The conditions associated with MH are usually central core diseases like Duchenne Muscular Dystrophy (DMD) (Figure 5), Arthrogryposis, or Osteogenesis Imperfecta (OI).

Malignant hyperthermia is usually diagnosed during anesthesia or by family history. There is no special, simple test for MH, but a muscle biopsy and other testing is occasionally done in select facilities. Because there is a problem in the ryanodine receptor, there will be uncontrolled release of calcium (Figure 6). You will get sustained muscle contraction, rigidity, spasms, muscle damage, myoglobinuria, rhabdomyolysis, and acute renal failure. Because of all the hypermetabolic activity, you will get the classic hyperthermia, that’s why they call it malignant hyperthermia (classic findings).

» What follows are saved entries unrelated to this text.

lemma code_equiv_caseI_code: "code_equiv C0 (caseI_code n t) \<Longrightarrow> C0 = caseI_code n t"
proof -
  let ?swap = "\<lambda>(u :: int, v :: int). (v, u)"
  have swap_caseI: "?swap ` caseI_code n t = caseI_code n t"
    using caseI_code_swap by (force simp: image_iff)
  have "?swap ` ?swap ` C0 = C0" by (simp add: image_image case_prod_beta)
  then show "code_equiv C0 (caseI_code n t) \<Longrightarrow> C0 = caseI_code n t"
    using swap_caseI unfolding code_equiv_def by metis
qed

lemma caseI_code_reflect:
  assumes "(u, v) \<in> caseI_code n t" shows "(u, (- v) mod n) \<in> caseI_code n t"
proof -
  obtain k m where km: "u = (k * (int t + 1)) mod n"
    "v = (k * (int t + 1) + m * (2 * (int t + 1))) mod n"
    using assms unfolding caseI_code_def by auto
  have "(- v) mod n = (k * (int t + 1) + (- k - m) * (2 * (int t + 1))) mod n"
    unfolding km(2) mod_minus_eq by (simp add: algebra_simps)
  then show ?thesis unfolding caseI_code_def
    by (intro CollectI exI[of _ k] exI[of _ "- k - m"]) (simp add: km(1))
qed

lemma caseI_code_generators:
  "(int (t + 1) mod n, int (t + 1) mod n) \<in> caseI_code n t"
  "(int 0 mod n, int (2 * (t + 1)) mod n) \<in> caseI_code n t"
  unfolding caseI_code_def
  by (intro CollectI exI[of _ 1] exI[of _ 0]; simp add: add.commute)
    (intro CollectI exI[of _ 0] exI[of _ 1]; simp add: add.commute)

lemma gen_group_preserves:
  assumes "\<forall>h\<in>G. \<forall>S\<in>X. h S \<in> X"
  shows "\<forall>S\<in>X. \<forall>g\<in>gen_group G. g S \<in> X"
proof -
  have "\<forall>S\<in>X. g S \<in> X" if "g \<in> gen_group G" for g
    using that by induction (simp_all add: assms)
  then show ?thesis by blast
qed

lemma sudoku_grids_caseI_symmetries:
  assumes n: "(n::int) \<ge> 2" and C0: "linear_code n C0" "dp_code n t C0" "C0 = caseI_code n t"
    and x: "x1 \<ge> 0" "x2 \<ge> 0"
  shows "\<forall>S\<in>sudoku_grids n t (translate n (x1, x2) C0). \<forall>g\<in>gen_group
      {tau1 n ^^ (t + 1) \<circ> tau2 n ^^ (t + 1), tau2 n ^^ (2 * (t + 1)),
       tau2 n ^^ nat (2 * x2 + 1) \<circ> sflip n,
       tau1 n ^^ nat (2 * x1 + 2) \<circ> tau2 n ^^ nat (2 * x2 + 1) \<circ> rot n ^^ 2}.
    g S \<in> sudoku_grids n t (translate n (x1, x2) C0)"
  by (rule gen_group_preserves)
    (use sudoku_grids_shift_codeword[OF n C0(1,2) caseI_code_generators(1)[where n = n and t = t, folded C0(3)]]
      sudoku_grids_shift_codeword[OF n C0(1,2) caseI_code_generators(2)[where n = n and t = t, folded C0(3)]]
      sudoku_grids_column_reflection[OF n C0(2) caseI_code_reflect[where n = n and t = t, folded C0(3)] x(2)]
      sudoku_grids_point_reflection[OF n C0(1,2) x]
      in simp)

lemma sudoku_grids_row_code_symmetries:
  assumes n: "(n::int) \<ge> 2" and C0: "linear_code n C0" "dp_code n t C0"
    and ab: "a \<in> {0..<n}" "b \<in> {0..<n}" "C0 = row_code n (a, b)"
    and x: "x1 \<ge> 0" "x2 \<ge> 0"
  shows "\<forall>S\<in>sudoku_grids n t (translate n (x1, x2) C0). \<forall>g\<in>gen_group
      {tau1 n ^^ nat a \<circ> tau2 n ^^ nat b,
       tau1 n ^^ nat (2 * x1 + 2) \<circ> tau2 n ^^ nat (2 * x2 + 1) \<circ> rot n ^^ 2}.
    g S \<in> sudoku_grids n t (translate n (x1, x2) C0)"
proof -
  have generator: "(int (nat a) mod n, int (nat b) mod n) \<in> C0"
    using ab unfolding row_code_def by (auto intro!: exI[of _ 1])
  show ?thesis
    by (rule gen_group_preserves)
      (use sudoku_grids_shift_codeword[OF n C0 generator] sudoku_grids_point_reflection[OF n C0 x]
        in simp)
qed

theorem mainTheorem4:
  fixes t :: nat and n x1 x2 :: int and C0 C :: "(int \<times> int) set"
  assumes "t \<ge> 1"
    and "n = 2 * (int t + 1) ^ 2"
    and "linear_code n C0"
    and "dp_code n t C0"
    and "x1 \<in> {0..<n}" and "x2 \<in> {0..<n}"
    and "C = translate n (x1, x2) C0"
  shows "(code_equiv C0 (caseI_code n t) \<longrightarrow>
           (\<forall>S\<in>sudoku_grids n t C. \<forall>g\<in>gen_group
              { tau1 n ^^ (t + 1) \<circ> tau2 n ^^ (t + 1),
                tau2 n ^^ (2 * (t + 1)),
                tau2 n ^^ nat (2 * x2 + 1) \<circ> sflip n,
                tau1 n ^^ nat (2 * x1 + 2) \<circ> tau2 n ^^ nat (2 * x2 + 1) \<circ> rot n ^^ 2 }.
              g S \<in> sudoku_grids n t C))
       \<and> (\<forall>a b. a \<in> {0..<n} \<longrightarrow> b \<in> {0..<n} \<longrightarrow>
           code_equiv C0 (caseII_code n t) \<longrightarrow> C0 = row_code n (a, b) \<longrightarrow>
           (\<forall>S\<in>sudoku_grids n t C. \<forall>g\<in>gen_group
              { tau1 n ^^ nat a \<circ> tau2 n ^^ nat b,
                tau1 n ^^ nat (2 * x1 + 2) \<circ> tau2 n ^^ nat (2 * x2 + 1) \<circ> rot n ^^ 2 }.
              g S \<in> sudoku_grids n t C))"
proof -
  have "(int t + 1) ^ 2 \<ge> 1" using assms(1) by simp
  then have n: "n \<ge> 2" using assms(2) by simp
  have x: "x1 \<ge> 0" "x2 \<ge> 0" using assms(5,6) by simp_all
  \<comment> \<open>Case II only uses that (a, b) generates C0.\<close>
  show ?thesis
    unfolding assms(7)
    by (intro conjI impI allI,
        erule sudoku_grids_caseI_symmetries[OF n assms(3,4) code_equiv_caseI_code x],
        rule sudoku_grids_row_code_symmetries[OF n assms(3,4) _ _ _ x]; assumption)
qed

end
lemma norm1_funpow_mixing_le:
  assumes X: "\<And>w. norm1 d (mv d X w) \<le> norm1 d w"
    and tmix: "tmix d X \<le> enat m" and zero_sum: "(\<Sum>i<d. v i) = 0"
  shows "norm1 d ((mv d X ^^ m) v) \<le> norm1 d v / 4"
proof -
  have unique: "\<exists>!\<pi>. stationary d X \<pi>"
    using tmix unfolding tmix_def by (auto split: if_splits)
  define \<pi> where "\<pi> = (THE \<pi>. stationary d X \<pi>)"
  have \<pi>: "\<pi> \<in> simplex d"
    using theI'[OF unique] unfolding \<pi>_def stationary_def by simp
  have ex: "\<exists>t. Dmix d X \<pi> t \<le> 1/4"
    using tmix unique unfolding tmix_def \<pi>_def[symmetric] by (auto simp: Let_def split: if_splits)
  define t0 where "t0 = (LEAST t. Dmix d X \<pi> t \<le> 1/4)"
  have "tmix d X = enat t0"
    using unique ex unfolding tmix_def \<pi>_def[symmetric] t0_def by (simp add: Let_def)
  with tmix have "t0 \<le> m"
    by simp
  have "norm1 d (\<lambda>i. mpow d X t0 i j - \<pi> i) \<le> 1/4" if "j < d" for j
  proof -
    have "norm1 d (\<lambda>i. mpow d X t0 i j - \<pi> i)
        = norm1 d (\<lambda>i. mv d (mpow d X t0) (\<lambda>k. if k = j then 1 else 0) i - \<pi> i)"
      using that by (intro norm1_cong) (simp add: mv_unit_vec)
    also have "\<dots> \<le> Dmix d X \<pi> t0"
      by (rule norm1_mpow_le_Dmix[OF X \<pi> unit_vec_simplex[OF that]])
    also have "\<dots> \<le> 1/4"
      unfolding t0_def by (rule LeastI_ex[OF ex])
    finally show ?thesis .
  qed
  then have "norm1 d (mv d (mpow d X t0) v) \<le> 1/4 * norm1 d v"
    using zero_sum by (rule norm1_mv_zero_sum_le)
  moreover have "norm1 d (mv d (mpow d X t0) v) = norm1 d ((mv d X ^^ t0) v)"
    by (rule norm1_cong) (simp add: mv_mpow)
  moreover have "(mv d X ^^ m) v = (mv d X ^^ (m - t0)) ((mv d X ^^ t0) v)"
    using \<open>t0 \<le> m\<close> by (metis funpow_add le_add_diff_inverse2 o_apply)
  then have "norm1 d ((mv d X ^^ m) v) \<le> norm1 d ((mv d X ^^ t0) v)"
    using norm1_funpow_le[OF X] by simp
  ultimately show ?thesis
    by simp
qed
lemma sunword_reduced_representative:
  assumes "sunword W" "\<exists>w\<in>W. 2 \<le> card (props w)"
  obtains r where "\<forall>u\<in>W. cyc_rel (pattern u) (Sig # r)" "eps_reduced r" "rim_parity r"
proof -
  obtain V E cyc and f :: "nat set \<Rightarrow> 'a" and r0 where
    sunoid: "sunoid V E" and ms: "multisun_with V E cyc" and inj: "inj_on f (inscribed V E)"
    and r0: "r0 < length cyc" "cyc ! r0 \<in> \<Union>(inscribed V E)"
    and W: "W = cls (map (vlabel V E f) (rotate r0 cyc))"
    using assms(1) unfolding sunword_def by blast
  define lab where "lab = vlabel V E f"
  define w0 where "w0 = map lab (rotate r0 cyc)"
  have fin: "finite (inscribed V E)"
    using finite_inscribed[OF multisun_with_finite[OF ms]] .
  have letters: "props w0 \<subseteq> f ` inscribed V E"
  proof
    fix x
    assume "x \<in> props w0"
    then have "Prop x \<in> vlabel V E f ` set (rotate r0 cyc)"
      by (simp add: props_def w0_def lab_def)
    then obtain v where "vlabel V E f v = Prop x"
      by (metis imageE)
    then obtain K where "K \<in> inscribed V E" "x = f K"
      using vlabel_eq_Prop[OF fin] by meson
    then show "x \<in> f ` inscribed V E"
      by simp
  qed
  obtain w where "w \<in> W" "2 \<le> card (props w)"
    using assms(2) by blast
  moreover have "props w = props w0"
    using \<open>w \<in> W\<close> props_cls by (simp add: W w0_def lab_def)
  ultimately have "finite (props w0)" "\<not> card (props w0) \<le> Suc 0"
    using card_ge_0_finite[of "props w0"] by auto
  then obtain x1 x2 where "x1 \<in> props w0" "x2 \<in> props w0" "x1 \<noteq> x2"
    using card_le_Suc0_iff_eq by blast
  then obtain K1 K2 where two: "K1 \<in> inscribed V E" "K2 \<in> inscribed V E" "K1 \<noteq> K2"
    using letters by blast
  obtain p0 t where p0: "p0 < length cyc" and w1: "map lab (rotate p0 cyc) = Sig # t"
    and "Sig \<notin> set t"
    and parity: "\<And>S. S \<noteq> {} \<Longrightarrow> S \<subseteq> f ` inscribed V E \<Longrightarrow> gap_parity S (Sig # t @ [Sig])"
    using sunoid_rim_word[OF sunoid ms inj two] unfolding lab_def by blast
  define r where "r = pattern t"
  have "props (Sig # t) = props w0"
    unfolding w1[symmetric] by (simp add: props_def w0_def)
  then have "props r \<subseteq> f ` inscribed V E"
    using letters by (simp add: r_def)
  have "rim_parity r"
    unfolding rim_parity_def
  proof (intro conjI allI impI)
    show "Sig \<notin> set r"
      using \<open>Sig \<notin> set t\<close> mem_pattern_iff[of Sig t] by (simp add: r_def)
    fix S
    assume "S \<noteq> {} \<and> S \<subseteq> props r"
    then have "gap_parity S (Sig # t @ [Sig])"
      using parity \<open>props r \<subseteq> f ` inscribed V E\<close> by blast
    then show "gap_parity S (Sig # r @ [Sig])"
      using gap_parity_pattern[of S Sig "t @ [Sig]"] pattern_append[of "[Sig]" t]
      by (simp add: r_def pattern_Cons_not_Eps)
  qed
  moreover have "\<exists>m. pattern w0 = rotate m (Sig # r)"
  proof -
    have "rotate r0 cyc = rotate (r0 + length cyc - p0) (rotate p0 cyc)"
      using p0 by (simp add: rotate_rotate) (metis rotate_conv_mod mod_add_self2)
    then have "w0 = rotate (r0 + length cyc - p0) (Sig # t)"
      by (simp add: w0_def rotate_map flip: w1)
    moreover have "cyc \<noteq> []"
      using r0 by auto
    then have "hd w0 = lab (cyc ! r0)"
      using r0(1) hd_rotate_conv_nth[of cyc r0] by (simp add: w0_def hd_map)
    then have "hd w0 \<noteq> Eps"
      using r0(2) vlabel_eq_Eps_iff[of V E f "cyc ! r0"] by (simp add: lab_def)
    ultimately show ?thesis
      using pattern_rotate[of "Sig # t"] by (simp add: r_def pattern_Cons_not_Eps)
  qed
  then have "\<forall>u\<in>W. cyc_rel (pattern u) (Sig # r)"
    using cyc_rel_rotate by (auto simp: W cls_def approx_def w0_def lab_def)
  moreover have "eps_reduced r"
    by (simp add: r_def eps_reduced_pattern)
  ultimately show ?thesis
    using that by blast
qed

theorem lemma5:
  fixes W :: "'a letter list set" and a :: 'a
  assumes "sunword W"
    and "\<exists>w\<in>W. card {x. Prop x \<in> set w} \<ge> 2"
    and "induced_least W a"
  shows "\<exists>xs ls. length xs = length ls \<and> length xs \<ge> 2 \<and> xs ! 0 = a \<and>
    (\<forall>h. Suc h < length xs \<longrightarrow> xs ! h \<noteq> xs ! Suc h) \<and>
    (\<forall>h < length ls. ls ! h > 0) \<and>
    block_word xs ls \<in> W \<and>
    odd (ls ! 0) \<and> odd (last ls) \<and>
    (\<forall>h. 0 < h \<and> Suc h < length xs \<longrightarrow> (odd (ls ! h) \<longleftrightarrow> xs ! (h - 1) \<noteq> xs ! Suc h))"
proof -
  obtain r where rep: "\<forall>u\<in>W. cyc_rel (pattern u) (Sig # r)" "eps_reduced r" "rim_parity r"
    using sunword_reduced_representative assms(1,2) unfolding props_def by blast
  obtain u where u: "Sig # u \<in> W" "pattern (Sig # u) = Sig # u" "Prop a \<in> set u"
    and least: "\<forall>b. Prop b \<in> set u \<and> b \<noteq> a \<longrightarrow> ldist (vword u) (Prop a) < ldist (vword u) (Prop b)"
    using assms(3) unfolding induced_least_def by blast
  have "Sig \<notin> set r"
    using rep(3) by (simp add: rim_parity_def)
  then have "u = r \<or> u = rev r"
    using cyc_rel_Sig_Cons rep(1) u(1,2) by metis
  then have "rim_parity u" "props u = props r"
    using rep(3) by auto
  have "eps_reduced u"
    using eps_reduced_pattern[of "Sig # u"] u(2) by (simp add: eps_reduced_Cons)
  obtain w where "w \<in> W" "2 \<le> card (props w)"
    using assms(2) unfolding props_def by blast
  moreover have "props w = props u"
    using rep(1) \<open>w \<in> W\<close> props_cyc_rel[of "pattern w" "Sig # r"] \<open>props u = props r\<close>
    by simp
  ultimately have "finite (props u)" "\<not> card (props u) \<le> Suc 0"
    using card_ge_0_finite[of "props u"] by auto
  then obtain p q where "p \<in> props u" "q \<in> props u" "p \<noteq> q"
    using card_le_Suc0_iff_eq by blast
  then obtain xs ls where xs: "length xs = length ls" "length xs \<ge> 2" "Prop (xs ! 0) = hd u"
    "\<forall>h. Suc h < length xs \<longrightarrow> xs ! h \<noteq> xs ! Suc h" "\<forall>h < length ls. ls ! h > 0"
    "block_word xs ls = Sig # u" "odd (ls ! 0)" "odd (last ls)"
    "\<forall>h. 0 < h \<and> Suc h < length xs \<longrightarrow> (odd (ls ! h) \<longleftrightarrow> xs ! (h - 1) \<noteq> xs ! Suc h)"
    using block_word_of_rim_parity[OF \<open>eps_reduced u\<close> \<open>rim_parity u\<close>] by blast
  have "xs ! 0 = a"
  proof (rule ccontr)
    assume "xs ! 0 \<noteq> a"
    have "u \<noteq> []"
      using u(3) by auto
    then have "ldist (vword u) (Prop a) < 3"
      using least ldist_vword_hd[of u "xs ! 0"] xs(3) \<open>xs ! 0 \<noteq> a\<close> by (metis hd_in_set order_less_le_trans)
    then show False
      using ldist_vword_Prop[OF u(3)] by simp
  qed
  then show ?thesis
    using xs u(1) by metis
qed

You can also find metabolic acidosis and hyperkalemia, which may give the patient dysrhythmia or a marked CO2 production. If the CO2 production increases, you will have increased end-tidal CO2 (ETCO2), which can’t be explained, but it is the earliest sign and probably the most specific and sensitive finding (Figure 7). A rise in the end-tidal CO2 concentration is probably the earliest indication that the patient may have malignant hyperthermia.

How does this condition of malignant hyperthermia occur? What is going on? What is the physiology of malignant hyperthermia?

For diagnosis of malignant hyperthermia, you will probably need to know three things sarcolemma, which is in the membrane of the cell, T-tubule which is like a divot into the cell or a cliff, and the sarcoplasmic reticulum is storage for calcium (Figure 8). The sarcoplasmic reticulum is a container for calcium when the muscle is relaxed. Larger protein is embedded into the wall that serves as a calcium release channel. After the muscle contracts, the calcium is taken up by the sarcoplasmic reticulum (storage site).

When there is decirculation of this process because the ryanodine receptor is defective, then ryanodine triggers the release of calcium to the inside of the cell in large quantities than normal. The intracellular concentration of calcium increases substantially and will have a sustained contracture of these muscles, which is how you get malignant hyperthermia.